▶ **AVAILABLE RECORDS**
(* Let $L\ge 1$ and $N_\nu\ge 1$ be integers. Suppose there are finitely many paths indexed by $l$, each with a path metric $\mathrm{PM}_l\in\mathbb{R}$ and an LLR vector $\alpha_l=(\alpha_{0,l},\dots,\alpha_{N_\nu-1,l})\in(\mathbb{R}\setminus\{0\})^{N_\nu}$. Assume that for each $l$ the absolute values $|\alpha_{i,l}|$ are pairwise distinct and that the entries are indexed so that $|\alpha_{0,l}|<|\alpha_{1,l}|<\dots<|\alpha_{N_\nu-1,l}|$. A candidate is a pair $(l,\eta)$ with $\eta\in\{+1,-1\}^{N_\nu}$, and its metric is $$M(l,\eta)=\mathrm{PM}_l+\sum_{i=0}^{N_\nu-1}\ln\left(1+e^{-\eta_i\alpha_{i,l}}\right).$$ If a candidate $(l,\eta)$ has $\eta_k\neq \operatorname{sgn}(\alpha_{k,l})$ for some index $k\ge L-1$, then there exist at least $L$ candidates of the form $(l,\eta')$ with $\eta'\neq\eta$ and $M(l,\eta')<M(l,\eta)$. Consequently, every candidate $(l,\eta)$ belonging to some set of $L$ candidates of smallest metric (the set of survivors of successive-cancellation list decoding with list size $L$ over a Rate-1 node) satisfies $\eta_i=\operatorname{sgn}(\alpha_{i,l})$ for all $i\ge L-1$. In other words, path splitting is needed at most at the $\min(L-1,N_\nu)$ least reliable positions of each path, and all remaining bits equal the hard decision on the LLR ($\beta_{i,l}=0$ if $\alpha_{i,l}\ge0$, and $1$ otherwise).
   Context: Setting: list decoding of a Rate-1 constituent code (all $N_\nu$ bits are information bits) of a polar code. A bit estimate $\beta\in\{0,1\}$ is encoded as $\eta=1-2\beta\in\{+1,-1\}$. $\operatorname{sgn}$ denotes the sign function. In successive-cancellation list decoding with list size $L$, the $L$ candidates of smallest path metric survive. The ordering of LLRs by increasing absolute value is the reliability order, with index $0$ the least reliable. *)

theory Defs
  imports Complex_Main
begin

definition cands :: "'p set \<Rightarrow> nat \<Rightarrow> ('p \<times> real list) set" where
  "cands P N = {(l, eta). l \<in> P \<and> length eta = N \<and> set eta \<subseteq> {1, -1}}"

definition metric :: "('p \<Rightarrow> real) \<Rightarrow> ('p \<Rightarrow> nat \<Rightarrow> real) \<Rightarrow> nat \<Rightarrow> 'p \<Rightarrow> real list \<Rightarrow> real" where
  "metric PM alpha N l eta = PM l + (\<Sum>i<N. ln (1 + exp (- (eta ! i) * alpha l i)))"

definition survivor_set ::
  "'p set \<Rightarrow> ('p \<Rightarrow> real) \<Rightarrow> ('p \<Rightarrow> nat \<Rightarrow> real) \<Rightarrow> nat \<Rightarrow> nat \<Rightarrow> ('p \<times> real list) set \<Rightarrow> bool" where
  "survivor_set P PM alpha N L S \<longleftrightarrow>
     S \<subseteq> cands P N \<and> card S = min L (card (cands P N)) \<and>
     (\<forall>c\<in>S. \<forall>c'\<in>cands P N - S.
        metric PM alpha N (fst c) (snd c) \<le> metric PM alpha N (fst c') (snd c'))"

end

theory Submission
  imports Defs
begin

text \<open>Since \<open>ln (1 + e\<^sup>x) - ln (1 + e\<^sup>-\<^sup>x) = x\<close>, flipping bit \<open>i\<close> of \<open>\<eta>\<close> changes the metric by
  exactly \<open>\<eta>\<^sub>i \<alpha>\<^sub>i\<close>: it rises by \<open>\<bar>\<alpha>\<^sub>i\<bar>\<close> when \<open>\<eta>\<^sub>i\<close> is the hard decision and drops by \<open>\<bar>\<alpha>\<^sub>i\<bar>\<close> otherwise.
  So if \<open>\<eta>\<^sub>k\<close> disagrees with the hard decision for some \<open>k \<ge> L - 1\<close>, then correcting bit \<open>k\<close>
  lowers the metric by \<open>\<bar>\<alpha>\<^sub>k\<bar>\<close>, and additionally flipping any one of the \<open>L - 1\<close> less reliable
  bits \<open>j < L - 1\<close> raises it again by at most \<open>\<bar>\<alpha>\<^sub>j\<bar> < \<bar>\<alpha>\<^sub>k\<bar>\<close>; these are \<open>L\<close> strictly better
  candidates on the same path. A survivor has fewer than \<open>L\<close> strictly better candidates,
  because all of them must survive as well.\<close>

definition flip_at :: "nat \<Rightarrow> real list \<Rightarrow> real list" where
  "flip_at i eta = eta[i := - (eta ! i)]"

lemma ln_one_plus_exp_diff: "ln (1 + exp x) - ln (1 + exp (- x)) = (x :: real)"
proof -
  have "1 + exp x = exp x * (1 + exp (- x))"
    by (simp add: distrib_left exp_minus)
  moreover have "0 < 1 + exp (- x)"
    by (simp add: add_pos_pos)
  ultimately show ?thesis
    by (simp add: ln_mult)
qed

lemma metric_flip_at:
  assumes "i < N" "length eta = N"
  shows "metric PM alpha N l (flip_at i eta) = metric PM alpha N l eta + eta ! i * alpha l i"
proof -
  let ?t = "\<lambda>e j. ln (1 + exp (- e * alpha l j))"
  have "(\<Sum>j<N. ?t (flip_at i eta ! j) j) = ?t (- (eta ! i)) i + (\<Sum>j\<in>{..<N}-{i}. ?t (eta ! j) j)"
    using assms by (simp add: flip_at_def sum.remove[of "{..<N}" i])
  moreover have "(\<Sum>j<N. ?t (eta ! j) j) = ?t (eta ! i) i + (\<Sum>j\<in>{..<N}-{i}. ?t (eta ! j) j)"
    using assms by (simp add: sum.remove[of "{..<N}" i])
  ultimately show ?thesis
    unfolding metric_def using ln_one_plus_exp_diff[of "eta ! i * alpha l i"] by simp
qed

lemma length_flip_at [simp]: "length (flip_at i eta) = length eta"
  by (simp add: flip_at_def)

lemma nth_flip_at: "j < length eta \<Longrightarrow> flip_at i eta ! j = (if j = i then - (eta ! j) else eta ! j)"
  by (simp add: flip_at_def nth_list_update)

lemma cands_nth_sign:
  assumes "(l, eta) \<in> cands P N" "i < N"
  shows "eta ! i \<in> {1, -1}"
proof -
  have "length eta = N" "set eta \<subseteq> {1, -1}" using assms(1) by (auto simp: cands_def)
  then show ?thesis using assms(2) nth_mem by blast
qed

lemma flip_at_in_cands:
  assumes "(l, eta) \<in> cands P N"
  shows "(l, flip_at i eta) \<in> cands P N"
proof (cases "i < N")
  case True
  then have "- (eta ! i) \<in> {1, -1}" using cands_nth_sign[OF assms] by auto
  then show ?thesis
    using assms set_update_subset_insert[of eta i "- (eta ! i)"] by (auto simp: cands_def flip_at_def)
qed (use assms in \<open>simp add: cands_def flip_at_def list_update_beyond\<close>)

lemma finite_cands: "finite P \<Longrightarrow> finite (cands P N)"
  by (rule finite_subset[OF _ finite_cartesian_product[of P "{eta. set eta \<subseteq> {1, -1} \<and> length eta = N}"]])
     (auto simp: cands_def finite_lists_length_eq)

lemma finite_cands_on_path: "finite {eta. (l, eta) \<in> cands P N}"
  by (rule finite_subset[OF _ finite_lists_length_eq[of "{1, -1 :: real}" N]]) (auto simp: cands_def)

lemma flip_at_neq:
  assumes "(l, eta) \<in> cands P N" "j < N"
  shows "flip_at j eta \<noteq> eta"
proof
  assume "flip_at j eta = eta"
  then have "- (eta ! j) = eta ! j" using assms nth_flip_at[of j eta j] by (simp add: cands_def)
  then show False using cands_nth_sign[OF assms] by auto
qed

lemma flip_at_flip_at_neq:
  assumes "(l, eta) \<in> cands P N" "k < N" "j \<noteq> k"
  shows "flip_at j (flip_at k eta) \<noteq> eta"
proof
  have "length eta = N" using assms(1) by (simp add: cands_def)
  then have "flip_at j (flip_at k eta) ! k = - (eta ! k)" using assms(2,3) by (simp add: nth_flip_at)
  moreover assume "flip_at j (flip_at k eta) = eta"
  ultimately have "- (eta ! k) = eta ! k" by simp
  then show False using cands_nth_sign[OF assms(1,2)] by auto
qed

lemma inj_on_flip_at:
  assumes "(l, eta) \<in> cands P N"
  shows "inj_on (\<lambda>j. flip_at j eta) {..<N}"
proof (rule inj_onI, rule ccontr)
  fix a b assume ab: "a \<in> {..<N}" "b \<in> {..<N}" "flip_at a eta = flip_at b eta" "a \<noteq> b"
  have len: "length eta = N" using assms by (simp add: cands_def)
  have "flip_at a eta ! a = flip_at b eta ! a" using ab(3) by simp
  then have "- (eta ! a) = eta ! a" using ab(1,4) len by (simp add: nth_flip_at)
  then show False using cands_nth_sign[OF assms, of a] ab(1) by auto
qed

lemma metric_flip_at_le:
  assumes "(l, eta) \<in> cands P N" "j < N"
  shows "metric PM alpha N l (flip_at j eta) \<le> metric PM alpha N l eta + \<bar>alpha l j\<bar>"
proof -
  have "\<bar>eta ! j\<bar> = 1" using cands_nth_sign[OF assms] by auto
  then have "eta ! j * alpha l j \<le> \<bar>alpha l j\<bar>"
    by (metis abs_ge_self abs_mult mult_1)
  moreover have "length eta = N" using assms(1) by (simp add: cands_def)
  ultimately show ?thesis using metric_flip_at[OF assms(2), of eta PM alpha l] by simp
qed

lemma metric_flip_at_hard_decision:
  assumes "(l, eta) \<in> cands P N" "k < N" "alpha l k \<noteq> 0" "eta ! k \<noteq> sgn (alpha l k)"
  shows "metric PM alpha N l (flip_at k eta) = metric PM alpha N l eta - \<bar>alpha l k\<bar>"
proof -
  have "eta ! k = - sgn (alpha l k)"
    using cands_nth_sign[OF assms(1,2)] assms(3,4) by (auto simp: sgn_real_def)
  moreover have "length eta = N" using assms(1) by (simp add: cands_def)
  ultimately show ?thesis
    using metric_flip_at[OF assms(2), of eta PM alpha l] by (simp add: abs_sgn mult.commute)
qed

lemma card_better_on_path_ge:
  assumes "L \<ge> 1"
    and nonzero: "\<forall>i<N. alpha l i \<noteq> 0"
    and sorted: "\<forall>i j. i < j \<and> j < N \<longrightarrow> \<bar>alpha l i\<bar> < \<bar>alpha l j\<bar>"
    and cand: "(l, eta) \<in> cands P N" and k: "L - 1 \<le> k" "k < N"
    and wrong: "eta ! k \<noteq> sgn (alpha l k)"
  shows "L \<le> card {eta'. (l, eta') \<in> cands P N \<and> eta' \<noteq> eta \<and>
                        metric PM alpha N l eta' < metric PM alpha N l eta}"
    (is "_ \<le> card ?T")
proof -
  let ?M = "metric PM alpha N l"
  define e where "e = flip_at k eta"
  define better where "better = insert e ((\<lambda>j. flip_at j e) ` {..<L - 1})"
  have e_cand: "(l, e) \<in> cands P N" using cand by (simp add: e_def flip_at_in_cands)
  have M_e: "?M e = ?M eta - \<bar>alpha l k\<bar>"
    unfolding e_def using metric_flip_at_hard_decision[OF cand k(2)] nonzero k(2) wrong by simp
  have "e \<in> ?T"
    using e_cand flip_at_neq[OF cand k(2)] M_e nonzero k(2) by (simp add: e_def)
  moreover have "flip_at j e \<in> ?T" if "j < L - 1" for j
  proof -
    have j: "j < N" "j < k" using that k by auto
    have "\<bar>alpha l j\<bar> < \<bar>alpha l k\<bar>" using sorted j(2) k(2) by blast
    then have "?M (flip_at j e) < ?M eta"
      using metric_flip_at_le[OF e_cand j(1), of PM alpha] M_e by linarith
    then show ?thesis
      using flip_at_in_cands[OF e_cand] flip_at_flip_at_neq[OF cand k(2)] j(2) by (simp add: e_def)
  qed
  ultimately have "better \<subseteq> ?T" by (auto simp: better_def)
  moreover have "finite ?T"
    by (rule finite_subset[OF _ finite_cands_on_path[of l P N]]) blast
  moreover have "card better = L"
  proof -
    have "inj_on (\<lambda>j. flip_at j e) {..<L - 1}"
      by (rule inj_on_subset[OF inj_on_flip_at[OF e_cand]]) (use k in auto)
    moreover have "e \<notin> (\<lambda>j. flip_at j e) ` {..<L - 1}"
    proof
      assume "e \<in> (\<lambda>j. flip_at j e) ` {..<L - 1}"
      then obtain j where "j < L - 1" "flip_at j e = e" by auto
      then show False using flip_at_neq[OF e_cand, of j] k by simp
    qed
    ultimately show ?thesis using \<open>L \<ge> 1\<close> by (simp add: better_def card_image)
  qed
  ultimately show ?thesis using card_mono[of ?T better] by simp
qed

lemma survivor_card_better_less:
  assumes surv: "survivor_set P PM alpha N L S" and "finite (cands P N)" and "c \<in> S"
  shows "card {c' \<in> cands P N. metric PM alpha N (fst c') (snd c') < metric PM alpha N (fst c) (snd c)} < L"
    (is "card ?B < L")
proof -
  let ?m = "\<lambda>c. metric PM alpha N (fst c) (snd c)"
  have S: "S \<subseteq> cands P N" "card S \<le> L" and opt: "\<forall>c\<in>S. \<forall>c'\<in>cands P N - S. ?m c \<le> ?m c'"
    using surv by (simp_all add: survivor_set_def)
  have "?B \<subseteq> S - {c}"
  proof
    fix c' assume "c' \<in> ?B"
    then have c': "c' \<in> cands P N" "?m c' < ?m c" by simp_all
    have "c' \<in> S"
    proof (rule ccontr)
      assume "c' \<notin> S"
      then have "?m c \<le> ?m c'" using opt \<open>c \<in> S\<close> c'(1) by blast
      then show False using c'(2) by simp
    qed
    moreover have "c' \<noteq> c" using c'(2) by auto
    ultimately show "c' \<in> S - {c}" by simp
  qed
  moreover have "finite S" using S(1) assms(2) by (rule finite_subset)
  ultimately have "card ?B \<le> card (S - {c})" by (intro card_mono) simp_all
  also have "\<dots> < card S" using \<open>finite S\<close> \<open>c \<in> S\<close> by (rule card_Diff1_less)
  finally show ?thesis using S(2) by simp
qed

theorem theorem1:
  fixes P :: "'p set" and PM :: "'p \<Rightarrow> real" and alpha :: "'p \<Rightarrow> nat \<Rightarrow> real"
    and L N :: nat
  assumes "L \<ge> 1" and "N \<ge> 1" and "finite P"
    and nonzero: "\<forall>l\<in>P. \<forall>i<N. alpha l i \<noteq> 0"
    and sorted: "\<forall>l\<in>P. \<forall>i j. i < j \<and> j < N \<longrightarrow> \<bar>alpha l i\<bar> < \<bar>alpha l j\<bar>"
  shows "(\<forall>l eta k. (l, eta) \<in> cands P N \<and> L - 1 \<le> k \<and> k < N \<and> eta ! k \<noteq> sgn (alpha l k)
            \<longrightarrow> L \<le> card {eta'. (l, eta') \<in> cands P N \<and> eta' \<noteq> eta \<and>
                               metric PM alpha N l eta' < metric PM alpha N l eta})
       \<and> (\<forall>S. survivor_set P PM alpha N L S \<longrightarrow>
            (\<forall>(l, eta)\<in>S. \<forall>i. L - 1 \<le> i \<and> i < N \<longrightarrow> eta ! i = sgn (alpha l i)))"
    (is "?many_better \<and> ?survivors")
proof
  have many_better: "L \<le> card {eta'. (l, eta') \<in> cands P N \<and> eta' \<noteq> eta \<and>
                                   metric PM alpha N l eta' < metric PM alpha N l eta}"
    if "(l, eta) \<in> cands P N" "L - 1 \<le> k" "k < N" "eta ! k \<noteq> sgn (alpha l k)" for l eta k
  proof -
    have "l \<in> P" using that(1) by (simp add: cands_def)
    show ?thesis
      using card_better_on_path_ge[where alpha = alpha and l = l, OF \<open>L \<ge> 1\<close> bspec[OF nonzero \<open>l \<in> P\<close>] bspec[OF sorted \<open>l \<in> P\<close>] that] .
  qed
  then show ?many_better
    by (intro allI impI, elim conjE)
  show ?survivors
  proof (intro allI impI, clarify, rule ccontr)
    fix S l eta i
    assume surv: "survivor_set P PM alpha N L S" and "(l, eta) \<in> S"
      and i: "L - 1 \<le> i" "i < N" "eta ! i \<noteq> sgn (alpha l i)"
    let ?T = "{eta'. (l, eta') \<in> cands P N \<and> eta' \<noteq> eta \<and>
                     metric PM alpha N l eta' < metric PM alpha N l eta}"
    let ?B = "{c' \<in> cands P N. metric PM alpha N (fst c') (snd c') < metric PM alpha N l eta}"
    have "(l, eta) \<in> cands P N" using surv \<open>(l, eta) \<in> S\<close> by (auto simp: survivor_set_def)
    then have "L \<le> card ?T" using i by (rule many_better)
    also have "card ?T = card (Pair l ` ?T)" by (rule card_image[symmetric]) (simp add: inj_on_def)
    also have "\<dots> \<le> card ?B"
      by (rule card_mono) (use finite_cands[OF \<open>finite P\<close>] in auto)
    also have "\<dots> < L"
      using survivor_card_better_less[OF surv finite_cands[OF \<open>finite P\<close>] \<open>(l, eta) \<in> S\<close>]
      by (simp only: fst_conv snd_conv)
    finally show False by simp
  qed
qed

end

▶ **DIRECTIONS FOR THIS TASK**
In the listing above, find the line with "by (rule finite_subset[OF _ finite_cands_on_path[of" and the line with "by (rule inj_on_subset[OF", then reproduce both and every line between them exactly.

▶ **ANSWER SECTION**
    by (rule finite_subset[OF _ finite_cands_on_path[of l P N]]) blast
  moreover have "card better = L"
  proof -
    have "inj_on (\<lambda>j. flip_at j e) {..<L - 1}"
      by (rule inj_on_subset[OF inj_on_flip_at[OF e_cand]]) (use k in auto)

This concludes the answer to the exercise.